Table 9 Information complexity and information uncertainty

We also conduct several other tests (untabulated). First, for some small firms, earnings announcement and 10-K filings occur on the same day. To exclude the possibility that our result is driven by this set of firms, whose FDR may capture the same information as earnings, we exclude all firm-year observations where companies file their annual report within two trading days after earnings announcements. The abnormal returns the FDR strategy generates over the 12-month period actually increase slightly from 10.62% in Table 4 to 10.89%. Second, we split our sample into value firms and growth firms based on the median book-to-market ratio. The results show that FDR works for both groups, and that the effect of FDR is stronger for firms with lower book-to-market ratios (that is, growth firms). Third, to further control for the possibility that extreme FDR portfolios are disproportionately affected by smaller firms, we deflate the three-day abnormal returns with the square root of the mean squared error from the regression of daily stock returns on the market returns for the 30 days before filing dates (that is, the sigma). The FDR remains significant in all the robustness tests. Forth, Garfinkel and Sokobin (2006) show that investor opinion divergence, as a measure of risk, increases the sensitivity of the post-earnings announcement drift to earnings surprises. We include analyst forecast dispersion in our test, and the result shows that FDR remains significant.

7 Summary and conclusions

In this paper we examine the information content of 10-K filings and how investors react to this information in the post-EDGAR era. Stock return volatility and trading volume increase during the few days after companies file their 10-K reports. Using three-day returns starting from filing dates as a proxy for the information in the 10-K, we show that such information has predictive power over future accounting profitability, which indicates that EDGAR 10-K filings contain useful information about firms’ future performance.

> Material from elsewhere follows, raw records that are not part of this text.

lemma r_eq: "r = of_int num / of_int den"
  unfolding numer_def denom_def by (metis quotient_of_div prod.collapse)

lemma den_pos: "den > 0"
  unfolding denom_def by (rule quotient_of_denom_pos')

lemma coprime_num_den: "coprime num den"
  unfolding numer_def denom_def by (metis quotient_of_coprime prod.collapse)

lemma den_less_num: "den < num"
proof -
  have "(1::rat) < of_int num / of_int den" using r_gt_1 r_eq by simp
  then show ?thesis using den_pos by (simp add: less_divide_eq)
qed

lemma den_ge_2: "den \<ge> 2"
proof (rule ccontr)
  assume "\<not> den \<ge> 2"
  then have "den = 1" using den_pos by simp
  then have "r = of_nat (nat num)" using r_eq den_less_num by simp
  then show False using r_not_nat by (metis of_nat_in_Nats)
qed

lemma power_mult_den_power: "r ^ k * of_int den ^ k = of_int num ^ k"
proof -
  have "r ^ k = of_int num ^ k / of_int den ^ k" by (metis r_eq power_divide)
  then show ?thesis using den_pos by simp
qed

lemma atom_eq_iff: "atom i = atom j \<longleftrightarrow> i = j"
  using r_gt_1 strict_mono_eq[OF strict_mono_elem] by (simp add: power_inject_exp)

lemma atom_ge_1: "atom i \<ge> 1"
  using r_gt_1 by (simp add: one_le_power)

lemma puiseux_nonneg: "y \<in> puiseux r N \<Longrightarrow> y \<ge> 0"
  by (induction rule: puiseux.induct) (use r_gt_1 in auto)

lemma puiseux_below_power_den_dvd:
  assumes "y \<in> puiseux r N" and "y < r ^ k"
  shows "\<exists>m::int. y * of_int den ^ k = of_int den * of_int m"
  using assms
proof (induction arbitrary: k rule: puiseux.induct)
  case zero
  then show ?case by auto
next
  case (step y j)
  have "r ^ j > 0" using r_gt_1 by simp
  moreover have "y \<ge> 0" using puiseux_nonneg step.hyps(1) .
  ultimately have "y < r ^ k" "r ^ j < r ^ k" using step.prems by auto
  then obtain m where m: "y * of_int den ^ k = of_int den * of_int m"
    using step.IH by blast
  have "j < k" using \<open>r ^ j < r ^ k\<close> r_gt_1 by (simp add: power_strict_increasing_iff)
  then have "k = j + Suc (k - j - 1)" by simp
  then have "(of_int den :: rat) ^ k = of_int den ^ j * of_int den * of_int den ^ (k - j - 1)"
    by (metis mult.assoc power_Suc power_add)
  then have "r ^ j * of_int den ^ k = r ^ j * of_int den ^ j * of_int den * of_int den ^ (k - j - 1)"
    by (simp add: mult.assoc)
  also have "\<dots> = of_int den * of_int (num ^ j * den ^ (k - j - 1))"
    by (simp add: power_mult_den_power)
  finally show ?case
    using m by (intro exI[of _ "m + num ^ j * den ^ (k - j - 1)"]) (simp add: algebra_simps)
qed

text \<open>By the previous lemma, a decomposition of \<open>r ^ k\<close> into two nonzero elements would make
  \<open>den\<close> divide \<open>num ^ k\<close>.\<close>

lemma atoms_puiseux: "atoms (puiseux r N) = range atom"
proof
  show "atoms (puiseux r N) \<subseteq> range atom"
  proof
    fix a assume a: "a \<in> atoms (puiseux r N)"
    then have "a \<in> puiseux r N" "a \<noteq> 0" by (auto simp: atoms_def)
    then obtain y k where y: "y \<in> puiseux r N" "k \<in> N" "a = y + r ^ k"
      by (cases rule: puiseux.cases) auto
    have "r ^ k \<in> puiseux r N" using puiseux.step[OF puiseux.zero \<open>k \<in> N\<close>] by simp
    moreover have "r ^ k \<noteq> 0" using r_gt_1 by simp
    ultimately have "y = 0" using a y by (auto simp: atoms_def)
    moreover obtain i where "k = elem N i" using \<open>k \<in> N\<close> range_elem by blast
    ultimately show "a \<in> range atom" using y by simp
  qed
next
  show "range atom \<subseteq> atoms (puiseux r N)"
  proof
    fix a assume "a \<in> range atom"
    then obtain k where "k \<in> N" and a: "a = r ^ k" using range_elem by auto
    have "b = 0 \<or> c = 0"
      if b: "b \<in> puiseux r N" and c: "c \<in> puiseux r N" and bc: "r ^ k = b + c" for b c
    proof (rule ccontr)
      assume "\<not> (b = 0 \<or> c = 0)"
      with bc have "b < r ^ k" "c < r ^ k"
        using puiseux_nonneg[OF b] puiseux_nonneg[OF c] by auto
      then obtain m1 m2 where "b * of_int den ^ k = of_int den * of_int m1"
        and "c * of_int den ^ k = of_int den * of_int m2"
        using puiseux_below_power_den_dvd b c by blast
      then have "(of_int (num ^ k) :: rat) = of_int (den * (m1 + m2))"
        using power_mult_den_power[of k] bc by (simp add: algebra_simps)
      then have "den dvd num ^ k" by (simp only: of_int_eq_iff) simp
      moreover have "coprime den (num ^ k)" using coprime_num_den by (simp add: coprime_commute)
      ultimately have "is_unit den" using coprime_absorb_left by blast
      then show False using den_ge_2 by simp
    qed
    moreover have "r ^ k \<in> puiseux r N" using puiseux.step[OF puiseux.zero \<open>k \<in> N\<close>] by simp
    moreover have "r ^ k \<noteq> 0" using r_gt_1 by simp
    ultimately show "a \<in> atoms (puiseux r N)" unfolding a atoms_def by blast
  qed
qed

lemma factorizations_iff: "w \<in> Z x \<longleftrightarrow> set_mset w \<subseteq> range atom \<and> sum_mset w = x"
  by (simp add: factorizations_def atoms_puiseux)

lemma count_sum_replicate_atoms:
  "count (\<Sum>j\<le>M. replicate_mset (c j) (atom j)) (atom i) = (if i \<le> M then c i else 0)"
proof -
  have "count (\<Sum>j\<le>M. replicate_mset (c j) (atom j)) (atom i) = (\<Sum>j\<le>M. if j = i then c j else 0)"
    unfolding count_sum by (rule sum.cong) (auto simp: atom_eq_iff)
  also have "\<dots> = (if i \<le> M then c i else 0)" by (simp add: sum.delta)
  finally show ?thesis .
qed

lemma sum_mset_sum_replicate_atoms:
  "sum_mset (\<Sum>j\<le>M. replicate_mset (c j) (atom j)) = (\<Sum>j\<le>M. of_nat (c j) * atom j)"
  by (induction M) (simp_all add: atMost_Suc)

lemma multiset_eq_sum_replicate_atoms:
  assumes "set_mset w \<subseteq> atom ` {..M}"
  shows "w = (\<Sum>j\<le>M. replicate_mset (count w (atom j)) (atom j))"
proof (rule multiset_eqI)
  fix a
  show "count w a = count (\<Sum>j\<le>M. replicate_mset (count w (atom j)) (atom j)) a"
  proof (cases "a \<in> atom ` {..M}")
    case True
    then show ?thesis by (auto simp: count_sum_replicate_atoms)
  next
    case False
    with assms have "count w a = 0" by (auto simp: count_eq_zero_iff)
    with False show ?thesis by (auto simp: count_sum intro!: sum.neutral)
  qed
qed

lemma factorization_atoms_atMost:
  assumes "w \<in> Z x"
  obtains M where "\<And>M'. M \<le> M' \<Longrightarrow> set_mset w \<subseteq> atom ` {..M'}"
proof -
  obtain I where "finite I" "set_mset w = atom ` I"
    using assms finite_subset_image[of "set_mset w" atom UNIV] by (auto simp: factorizations_iff)
  have "set_mset w \<subseteq> atom ` {..M'}" if "Max I \<le> M'" for M'
  proof -
    have "I \<subseteq> {..M'}" using Max_ge[OF \<open>finite I\<close>] that by fastforce
    then show ?thesis unfolding \<open>set_mset w = atom ` I\<close> by (rule image_mono)
  qed
  then show ?thesis using that by blast
qed

lemma factorization_eq_if_counts_eq:
  assumes "w1 \<in> Z x" "w2 \<in> Z x" "\<And>i. count w1 (atom i) = count w2 (atom i)"
  shows "w1 = w2"
proof (rule multiset_eqI)
  fix a
  show "count w1 a = count w2 a"
  proof (cases "a \<in> range atom")
    case False
    with assms(1,2) have "a \<notin># w1" "a \<notin># w2" by (auto simp: factorizations_iff)
    then show ?thesis by (simp add: not_in_iff)
  qed (use assms(3) in auto)
qed

lemma factorizations_count_diff_comb_eq_0:
  assumes "w1 \<in> Z x" "w2 \<in> Z x" "set_mset w1 \<subseteq> atom ` {..M}" "set_mset w2 \<subseteq> atom ` {..M}"
  shows "(\<Sum>j\<le>M. of_int (int (count w1 (atom j)) - int (count w2 (atom j))) * r ^ elem N j) = 0"
proof -
  have "sum_mset w = (\<Sum>j\<le>M. of_nat (count w (atom j)) * atom j)"
    if "set_mset w \<subseteq> atom ` {..M}" for w
    by (subst multiset_eq_sum_replicate_atoms[OF that]) (simp add: sum_mset_sum_replicate_atoms)
  moreover have "sum_mset w1 = sum_mset w2" using assms(1,2) by (simp add: factorizations_iff)
  ultimately show ?thesis
    using assms(3,4) by (simp add: sum_subtractf algebra_simps)
qed

definition min_normal :: "rat multiset \<Rightarrow> bool" where
  "min_normal w \<longleftrightarrow> (\<forall>i. int (count w (atom i)) < num ^ gap N i)"

definition max_normal :: "rat multiset \<Rightarrow> bool" where
  "max_normal w \<longleftrightarrow> (\<forall>i\<ge>1. int (count w (atom i)) < den ^ gap N (i - 1))"

lemma factorizations_common_bound:
  assumes "w1 \<in> Z x" "w2 \<in> Z x"
  obtains M where "i \<le> M" "set_mset w1 \<subseteq> atom ` {..M}" "set_mset w2 \<subseteq> atom ` {..M}"
proof -
  obtain M1 M2 where "\<And>M. M1 \<le> M \<Longrightarrow> set_mset w1 \<subseteq> atom ` {..M}"
    and "\<And>M. M2 \<le> M \<Longrightarrow> set_mset w2 \<subseteq> atom ` {..M}"
    using factorization_atoms_atMost assms by metis
  then show ?thesis using that[of "max i (max M1 M2)"] by simp
qed

lemma min_normal_factorization_unique:
  assumes "w1 \<in> Z x" "w2 \<in> Z x" "min_normal w1" "min_normal w2"
  shows "w1 = w2"
proof (rule factorization_eq_if_counts_eq[OF assms(1,2)])
  fix i
  obtain M where "i \<le> M" and M: "set_mset w1 \<subseteq> atom ` {..M}" "set_mset w2 \<subseteq> atom ` {..M}"
    using factorizations_common_bound assms(1,2) .
  define e where "e j = int (count w1 (atom j)) - int (count w2 (atom j))" for j
  have "e i = 0"
  proof (rule power_comb_eq_0_small_coeffs_low[OF r_eq _ _ coprime_num_den])
    fix j
    have "int (count w1 (atom j)) < num ^ gap N j" "int (count w2 (atom j)) < num ^ gap N j"
      using assms(3,4) unfolding min_normal_def by blast+
    then show "\<bar>e j\<bar> < num ^ (elem N (Suc j) - elem N j)"
      unfolding e_def gap_def by linarith
    show "(\<Sum>j\<le>M. of_int (e j) * r ^ elem N j) = 0"
      unfolding e_def using factorizations_count_diff_comb_eq_0[OF assms(1,2) M] .
  qed (use \<open>i \<le> M\<close> den_less_num den_pos strict_mono_mono[OF strict_mono_elem] in auto)
  then show "count w1 (atom i) = count w2 (atom i)" by (simp add: e_def)
qed

lemma max_normal_factorization_unique:
  assumes "w1 \<in> Z x" "w2 \<in> Z x" "max_normal w1" "max_normal w2"
  shows "w1 = w2"
proof (rule factorization_eq_if_counts_eq[OF assms(1,2)])
  fix i
  obtain M where "i \<le> M" and M: "set_mset w1 \<subseteq> atom ` {..M}" "set_mset w2 \<subseteq> atom ` {..M}"
    using factorizations_common_bound assms(1,2) .
  define e where "e j = int (count w1 (atom j)) - int (count w2 (atom j))" for j
  have "e i = 0"
  proof (rule power_comb_eq_0_small_coeffs_high[OF r_eq _ _ coprime_num_den])
    have "\<bar>e j\<bar> < den ^ (elem N j - elem N (j - 1))" if "1 \<le> j" for j
    proof -
      have gap: "gap N (j - 1) = elem N j - elem N (j - 1)"
        using that by (simp add: gap_def)
      have "int (count w1 (atom j)) < den ^ (elem N j - elem N (j - 1))"
        "int (count w2 (atom j)) < den ^ (elem N j - elem N (j - 1))"
        using assms(3,4) that unfolding max_normal_def gap[symmetric] by blast+
      then show ?thesis unfolding e_def by linarith
    qed
    then show "\<forall>j\<in>{1..M}. \<bar>e j\<bar> < den ^ (elem N j - elem N (j - 1))" by simp
    show "(\<Sum>j\<le>M. of_int (e j) * r ^ elem N j) = 0"
      unfolding e_def using factorizations_count_diff_comb_eq_0[OF assms(1,2) M] .
  qed (use \<open>i \<le> M\<close> den_less_num den_pos strict_mono_mono[OF strict_mono_elem] in auto)
  then show "count w1 (atom i) = count w2 (atom i)" by (simp add: e_def)
qed

lemma factorization_exchange:
  assumes "w \<in> Z x" "k \<le> count w (atom i)" "of_nat k * atom i = of_nat l * atom j"
  shows "\<exists>w'\<in>Z x. size w' + k = size w + l"
proof -
  define A where "A = replicate_mset k (atom i)"
  define w' where "w' = w - A + replicate_mset l (atom j)"
  have "A \<subseteq># w" unfolding A_def using assms(2) by (simp add: count_le_replicate_mset_subset_eq)
  then have w: "w = (w - A) + A" by simp
  then have "sum_mset w = sum_mset (w - A) + of_nat k * atom i"
    by (metis sum_mset.union sum_mset_replicate_mset A_def)
  with assms(1,3) have "sum_mset w' = x" by (simp add: w'_def factorizations_iff)
  moreover have "set_mset w' \<subseteq> range atom"
    using assms(1) by (auto simp: w'_def factorizations_iff dest: in_diffD)
  moreover have "size w = size (w - A) + k"
    using w by (metis size_union size_replicate_mset A_def)
  ultimately show ?thesis
    by (intro bexI[of _ w']) (simp_all add: w'_def factorizations_iff)
qed

lemma num_power_gap_atom: "of_int (num ^ gap N i) * atom i = of_int (den ^ gap N i) * atom (Suc i)"
  by (simp add: elem_Suc power_add flip: power_mult_den_power)

lemma shorter_factorization_if_not_min_normal:
  assumes "w \<in> Z x" "\<not> min_normal w"
  shows "\<exists>w'\<in>Z x. size w' < size w"
proof -
  obtain i where i: "num ^ gap N i \<le> int (count w (atom i))"
    using assms(2) unfolding min_normal_def by (auto simp: not_less)
  define k where "k = nat (num ^ gap N i)"
  define l where "l = nat (den ^ gap N i)"
  have "k \<le> count w (atom i)" using i by (simp add: k_def nat_le_iff)
  moreover have "of_nat k * atom i = of_nat l * atom (Suc i)"
    using num_power_gap_atom den_pos den_less_num by (simp add: k_def l_def)
  ultimately obtain w' where "w' \<in> Z x" "size w' + k = size w + l"
    using factorization_exchange[OF assms(1)] by blast
  moreover have "l < k"
    using den_less_num den_pos gap_pos by (simp add: k_def l_def power_strict_mono)
  ultimately have "size w' < size w" by linarith
  with \<open>w' \<in> Z x\<close> show ?thesis by blast
qed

We also find that investors’ response to 10-K filings tends to be sluggish and that the stock price continues to drift. The magnitude of the drift is significant both statistically and economically, even after controlling for common risk factors and other accounting anomalies. We use word counts as a proxy for the information complexity of 10-K filings and find that investor underreaction tends to be stronger for a group of firms with more complex 10-K reports. Firm-years with less complex 10-K filings show little, if any, market underreaction. Overall, our results indicate that the complexity of accounting information does affect the extent to which investors can incorporate that information into price. This lends support to making 10-K information more intelligible to the average investor.